• The problem:
From the entries that follow, pick out all lines holding "False".

• Available data:

lemma nrm_le_norm: "nrm x \<le> nrm_upper * norm x"
proof -
  have "nrm x \<le> (\<Sum>i\<in>UNIV. nrm (x $ i *\<^sub>R axis i (1::real)))"
    using nrm_sum basis_expansion[of x] by (metis finite scalar_mult_eq_scaleR)
  also have "\<dots> = (\<Sum>i\<in>UNIV. \<bar>x $ i\<bar> * nrm (axis i (1::real)))"
    by (simp add: nrm_scaleR)
  also have "\<dots> \<le> (\<Sum>i\<in>UNIV. norm x * nrm (axis i (1::real)))"
    by (intro sum_mono mult_right_mono) (auto simp: component_le_norm_cart nrm_nonneg)
  finally show ?thesis by (simp add: nrm_upper_def sum_distrib_left mult.commute)
qed

lemma nrm_continuous: "continuous_on UNIV nrm"
proof (rule lipschitz_on_continuous_on[of nrm_upper])
  show "nrm_upper-lipschitz_on UNIV nrm"
    using nrm_reverse_triangle nrm_le_norm nrm_upper_nonneg
    by (intro lipschitz_onI) (auto simp: dist_real_def dist_norm intro: order_trans)
qed

text \<open>Comparison from below: \<open>nrm\<close> attains a positive minimum on the Euclidean unit sphere.\<close>

lemma nrm_lower_ex: "\<exists>a>0. \<forall>x. a * norm x \<le> nrm x"
proof -
  have "continuous_on (sphere 0 1) nrm"
    using nrm_continuous continuous_on_subset by blast
  then obtain z :: "real^'d" where z: "z \<in> sphere 0 1" "\<forall>y\<in>sphere 0 1. nrm z \<le> nrm y"
    using continuous_attains_inf[of "sphere 0 1" nrm] by auto
  have "nrm z > 0"
    using z(1) nrm_eq_0_iff[of z] nrm_nonneg[of z] by auto
  moreover have "nrm z * norm x \<le> nrm x" for x :: "real^'d"
  proof (cases "x = 0")
    case False
    then have "nrm z \<le> nrm (inverse (norm x) *\<^sub>R x)"
      using z(2) by simp
    also have "\<dots> = nrm x / norm x"
      by (simp add: nrm_scaleR field_simps)
    finally show ?thesis
      using False by (simp add: field_simps)
  qed simp
  ultimately show ?thesis by blast
qed

definition nrm_lower :: real where
  "nrm_lower = (SOME a. a > 0 \<and> (\<forall>x. a * norm x \<le> nrm x))"

lemma nrm_lower_pos: "0 < nrm_lower"
  and norm_le_nrm: "nrm_lower * norm x \<le> nrm x"
  using someI_ex[OF nrm_lower_ex] unfolding nrm_lower_def by auto

lemma component_le_nrm: "nrm_lower * \<bar>x $ i\<bar> \<le> nrm x"
  using norm_le_nrm[of x] nrm_lower_pos component_le_norm_cart[of x i]
  by (meson mult_left_mono order.trans less_imp_le)

lemma unit_ball_borel: "unit_ball nrm \<in> sets borel"
  unfolding unit_ball_def
  using open_Collect_less[OF nrm_continuous continuous_on_const, of 1] by simp

lemma unit_ball_bounded: "bounded (unit_ball nrm)"
proof -
  have "norm x \<le> 1 / nrm_lower" if "x \<in> unit_ball nrm" for x
    using that norm_le_nrm[of x] nrm_lower_pos by (simp add: unit_ball_def field_simps)
  then show ?thesis
    unfolding bounded_iff by blast
qed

• Response to the task:
    case False
      using False by (simp add: field_simps)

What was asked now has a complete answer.